[Stored data]
definition submodular_on_sets :: "'v set \<Rightarrow> ('v set \<Rightarrow> real) \<Rightarrow> bool" where
  "submodular_on_sets V f \<longleftrightarrow>
     (\<forall>A B x. A \<subseteq> B \<and> B \<subseteq> V \<and> x \<in> V - B \<longrightarrow>
        f (insert x B) - f B \<le> f (insert x A) - f A)"

text \<open>Joint law of the independent profiles (Y_w)_{w in W}; outside W the value is {}.\<close>
definition joint :: "'w set \<Rightarrow> ('w \<Rightarrow> 'v set pmf) \<Rightarrow> ('w \<Rightarrow> 'v set) pmf" where
  "joint W p = Pi_pmf W {} p"

text \<open>P(Y_w = y | y_S), where y_S is given by the fixed realization yW restricted to S.\<close>
definition cond_prob ::
  "'w set \<Rightarrow> ('w \<Rightarrow> 'v set pmf) \<Rightarrow> ('w \<Rightarrow> 'v set) \<Rightarrow> 'w set \<Rightarrow> 'w \<Rightarrow> 'v set \<Rightarrow> real" where
  "cond_prob W p yW S w y =
     measure_pmf.prob (joint W p) {\<omega>. \<omega> w = y \<and> (\<forall>s\<in>S. \<omega> s = yW s)}
     / measure_pmf.prob (joint W p) {\<omega>. \<forall>s\<in>S. \<omega> s = yW s}"

definition gval :: "('v set \<Rightarrow> real) \<Rightarrow> ('w \<Rightarrow> 'v set) \<Rightarrow> 'w set \<Rightarrow> real" where
  "gval f yW S = f (\<Union>s\<in>S. yW s)"

definition exp_gain ::
  "('v set \<Rightarrow> real) \<Rightarrow> 'v set set \<Rightarrow> 'w set \<Rightarrow> ('w \<Rightarrow> 'v set pmf) \<Rightarrow> ('w \<Rightarrow> 'v set)
   \<Rightarrow> 'w set \<Rightarrow> 'w \<Rightarrow> real" where
  "exp_gain f Ob W p yW S w =
     (\<Sum>y\<in>Ob. cond_prob W p yW S w y * (f ((\<Union>s\<in>S. yW s) \<union> y) - gval f yW S))"

definition ratio :: "real \<Rightarrow> real \<Rightarrow> ereal" where
  "ratio d c = (if c = 0 then \<infinity> else ereal (d / c))"

text \<open>State: (selected users with recorded gains, in selection order; remaining W'; stopped).\<close>
type_synonym 'w st = "('w \<times> real) list \<times> 'w set \<times> bool"

definition pick_user ::
  "('v set \<Rightarrow> real) \<Rightarrow> 'v set set \<Rightarrow> 'w::linorder set \<Rightarrow> ('w \<Rightarrow> 'v set pmf) \<Rightarrow> ('w \<Rightarrow> 'v set)
   \<Rightarrow> ('w \<Rightarrow> real) \<Rightarrow> 'w set \<Rightarrow> 'w set \<Rightarrow> 'w" where
  "pick_user f Ob W p yW b S W' =
     (LEAST w. w \<in> W' \<and>
        (\<forall>u\<in>W'. ratio (exp_gain f Ob W p yW S u) (b u) \<le> ratio (exp_gain f Ob W p yW S w) (b w)))"

definition step ::
  "('v set \<Rightarrow> real) \<Rightarrow> 'v set set \<Rightarrow> 'w::linorder set \<Rightarrow> ('w \<Rightarrow> 'v set pmf) \<Rightarrow> ('w \<Rightarrow> 'v set)
   \<Rightarrow> ('w \<Rightarrow> real) \<Rightarrow> real \<Rightarrow> real \<Rightarrow> 'w st \<Rightarrow> 'w st" where
  "step f Ob W p yW b B \<alpha> st =
    (case st of (sel, W', stopped) \<Rightarrow>
      if stopped \<or> W' = {} then st
      else
        let S = fst ` set sel;
            w = pick_user f Ob W p yW b S W';
            d = exp_gain f Ob W p yW S w
        in if (\<Sum>s\<in>S. b s) + b w \<le> B then
             (if b w \<le> B / \<alpha> * (d / (sum_list (map snd sel) + d))
              then (sel @ [(w, d)], W' - {w}, False)
              else (sel, W', True))
           else (sel, W' - {w}, False))"

text \<open>Each non-stopping step removes a user from W', so card W steps reach the final state.\<close>
definition selected ::
  "('v set \<Rightarrow> real) \<Rightarrow> 'v set set \<Rightarrow> 'w::linorder set \<Rightarrow> ('w \<Rightarrow> 'v set pmf) \<Rightarrow> ('w \<Rightarrow> 'v set)
   \<Rightarrow> ('w \<Rightarrow> real) \<Rightarrow> real \<Rightarrow> real \<Rightarrow> 'w set" where
  "selected f Ob W p yW b B \<alpha> =
     fst ` set (fst ((step f Ob W p yW b B \<alpha> ^^ card W) ([], W, False)))"

end

theory Submission
  imports Defs
begin

text \<open>Lowering the bid of user i only raises i's gain-per-bid ratio, so as long as the run with the
lower bid has not picked i, it makes exactly the same choices as the original run. If it picks i
at some round m no later than the round k at which the original run selected i, the tests still
pass: the users selected so far are a subset of those at round k, and i's expected gain at round m
is at least its gain at round k, because profiles are independent (conditioning on other users
does not change the law of Y_i) and f is submodular; the gain share test is monotone in both.\<close>

lemma marginal_gain_union_antimono:
  assumes "finite V" "monotone_on_sets V f" "submodular_on_sets V f"
    and "U \<subseteq> U'" "U' \<subseteq> V" "Y \<subseteq> V"
  shows "f (U' \<union> Y) - f U' \<le> f (U \<union> Y) - f U"
proof -
  have "finite Y" using assms(1,6) finite_subset by blast
  then show ?thesis using assms(6)
  proof (induction Y rule: finite_induct)
    case empty then show ?case by simp
  next
    case (insert x Y)
    have xV: "x \<in> V" using insert.prems by simp
    have "f (insert x (U' \<union> Y)) - f (U' \<union> Y) \<le> f (insert x (U \<union> Y)) - f (U \<union> Y)"
    proof (cases "x \<in> U' \<union> Y")
      case True
      have "insert x (U \<union> Y) \<subseteq> V" using assms(4,5) xV insert.prems by auto
      then have "f (U \<union> Y) \<le> f (insert x (U \<union> Y))"
        by (rule assms(2)[unfolded monotone_on_sets_def, rule_format, OF conjI[OF subset_insertI]])
      moreover have "insert x (U' \<union> Y) = U' \<union> Y" using True by blast
      ultimately show ?thesis by simp
    next
      case False
      have "U \<union> Y \<subseteq> U' \<union> Y" "U' \<union> Y \<subseteq> V" "x \<in> V - (U' \<union> Y)"
        using False assms(4,5) xV insert.prems by auto
      then show ?thesis
        by (intro assms(3)[unfolded submodular_on_sets_def, rule_format] conjI)
    qed
    with insert.IH insert.prems show ?case by simp
  qed
qed

lemma prob_joint_coordinate_indep:
  assumes "finite W" "i \<in> W" "i \<notin> S" "S \<subseteq> W"
  shows "measure_pmf.prob (joint W p) {\<omega>. \<omega> i = y \<and> (\<forall>s\<in>S. \<omega> s = z s)}
       = pmf (p i) y * measure_pmf.prob (joint W p) {\<omega>. \<forall>s\<in>S. \<omega> s = z s}"
proof -
  define C where "C x = (if x \<in> S then {z x} else UNIV)" for x
  define C' where "C' = C(i := {y})"
  have cyl: "{\<omega>. \<omega> i = y \<and> (\<forall>s\<in>S. \<omega> s = z s)} = Pi W C'"
    "{\<omega>. \<forall>s\<in>S. \<omega> s = z s} = Pi W C"
    using assms unfolding C_def C'_def Pi_def by auto
  have "(\<Prod>x\<in>W. measure_pmf.prob (p x) (C' x))
      = measure_pmf.prob (p i) {y} * (\<Prod>x\<in>W - {i}. measure_pmf.prob (p x) (C x))"
    using assms by (simp add: prod.remove C'_def)
  also have "\<dots> = pmf (p i) y * (\<Prod>x\<in>W. measure_pmf.prob (p x) (C x))"
    using assms by (simp add: prod.remove C_def measure_pmf_single)
  finally show ?thesis
    unfolding cyl joint_def measure_Pi_pmf_Pi[OF assms(1)] .
qed

lemma least_argmax_exists:
  fixes r :: "'a \<Rightarrow> 'b::linorder"
  assumes "finite X" "X \<noteq> {}"
  shows "\<exists>w\<in>X. \<forall>u\<in>X. r u \<le> r w"
proof -
  have "Max (r ` X) \<in> r ` X" using assms by simp
  then obtain w where "w \<in> X" "r w = Max (r ` X)" by auto
  then show ?thesis using assms by (metis Max_ge finite_imageI image_eqI)
qed

definition least_argmax :: "('a \<Rightarrow> 'b::linorder) \<Rightarrow> 'a::linorder set \<Rightarrow> 'a" where
  "least_argmax r X = (LEAST w. w \<in> X \<and> (\<forall>u\<in>X. r u \<le> r w))"

lemma
  assumes "finite X" "X \<noteq> {}"
  shows least_argmax_in: "least_argmax r X \<in> X"
    and least_argmax_max: "u \<in> X \<Longrightarrow> r u \<le> r (least_argmax r X)"
    and least_argmax_least: "w \<in> X \<Longrightarrow> \<forall>u\<in>X. r u \<le> r w \<Longrightarrow> least_argmax r X \<le> w"
proof -
  define M where "M = {w \<in> X. \<forall>u\<in>X. r u \<le> r w}"
  have "finite M" "M \<noteq> {}" using assms least_argmax_exists[OF assms] by (auto simp: M_def)
  then have Min: "Min M \<in> M" "\<And>w. w \<in> M \<Longrightarrow> Min M \<le> w" by simp_all
  have "least_argmax r X = Min M"
    unfolding least_argmax_def by (rule Least_equality) (use Min in \<open>auto simp: M_def\<close>)
  with Min show "least_argmax r X \<in> X" "u \<in> X \<Longrightarrow> r u \<le> r (least_argmax r X)"
    "w \<in> X \<Longrightarrow> \<forall>u\<in>X. r u \<le> r w \<Longrightarrow> least_argmax r X \<le> w"
    by (auto simp: M_def)
qed

lemma least_argmax_raise_one:
  assumes "finite X" "X \<noteq> {}" "\<forall>u\<in>X. u \<noteq> i \<longrightarrow> r' u = r u" "r i \<le> r' i"
    and "least_argmax r' X \<noteq> i"
  shows "least_argmax r' X = least_argmax r X"
proof -
  define w' where "w' = least_argmax r' X"
  define w where "w = least_argmax r X"
  note max' = least_argmax_max[OF assms(1,2), of _ r'] and max = least_argmax_max[OF assms(1,2), of _ r]
  have w'X: "w' \<in> X" and wX: "w \<in> X" unfolding w'_def w_def by (simp_all add: least_argmax_in assms)
  have r_le_r': "u \<in> X \<Longrightarrow> r u \<le> r' u" for u using assms(3,4) by (cases "u = i") auto
  have r'w': "r' w' = r w'" using assms(3,5) w'X w'_def by auto
  have "\<forall>u\<in>X. r u \<le> r w'" using r_le_r' max' r'w' w'_def by (metis order.trans)
  then have "w \<le> w'" using least_argmax_least[OF assms(1,2) w'X] w_def by simp
  moreover have "\<forall>u\<in>X. r' u \<le> r' w"
    using max' max r'w' r_le_r' assms(3) w'X wX unfolding w'_def w_def by (metis order.trans)
  then have "w' \<le> w" using least_argmax_least[OF assms(1,2) wX] w'_def by simp
  ultimately show ?thesis unfolding w_def w'_def by simp
qed

lemma ratio_antimono:
  assumes "0 \<le> d" "0 \<le> c'" "c' \<le> c"
  shows "ratio d c \<le> ratio d c'"
proof (cases "c' = 0")
  case False
  then have "0 < c'" "0 < c" using assms by auto
  then show ?thesis using assms by (simp add: ratio_def divide_left_mono)
qed (simp add: ratio_def)

lemma share_test_mono:
  fixes c d d' D D' x x' :: real
  assumes "0 < c" "0 \<le> d" "d \<le> d'" "0 \<le> D'" "D' \<le> D" "0 \<le> x'" "x' \<le> x"
    and "x \<le> c * (d / (D + d))"
  shows "x' \<le> c * (d' / (D' + d'))"
proof (cases "d = 0")
  case True
  have "0 \<le> c * (d' / (D' + d'))" using assms by (intro mult_nonneg_nonneg divide_nonneg_nonneg) auto
  moreover have "x \<le> 0" using assms(8) True by simp
  ultimately show ?thesis using assms(7) by linarith
next
  case False
  then have "d * D' \<le> d' * D" using assms by (meson mult_mono order.trans less_eq_real_def)
  then have "d / (D + d) \<le> d' / (D' + d')"
    using False assms by (simp add: divide_simps) (simp add: algebra_simps)
  then show ?thesis using assms mult_left_mono[of _ _ c] by fastforce
qed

> TASK ITEM
Using the data above, tally each line in which "intro" appears and give the number with no other words.

> SOLUTION
2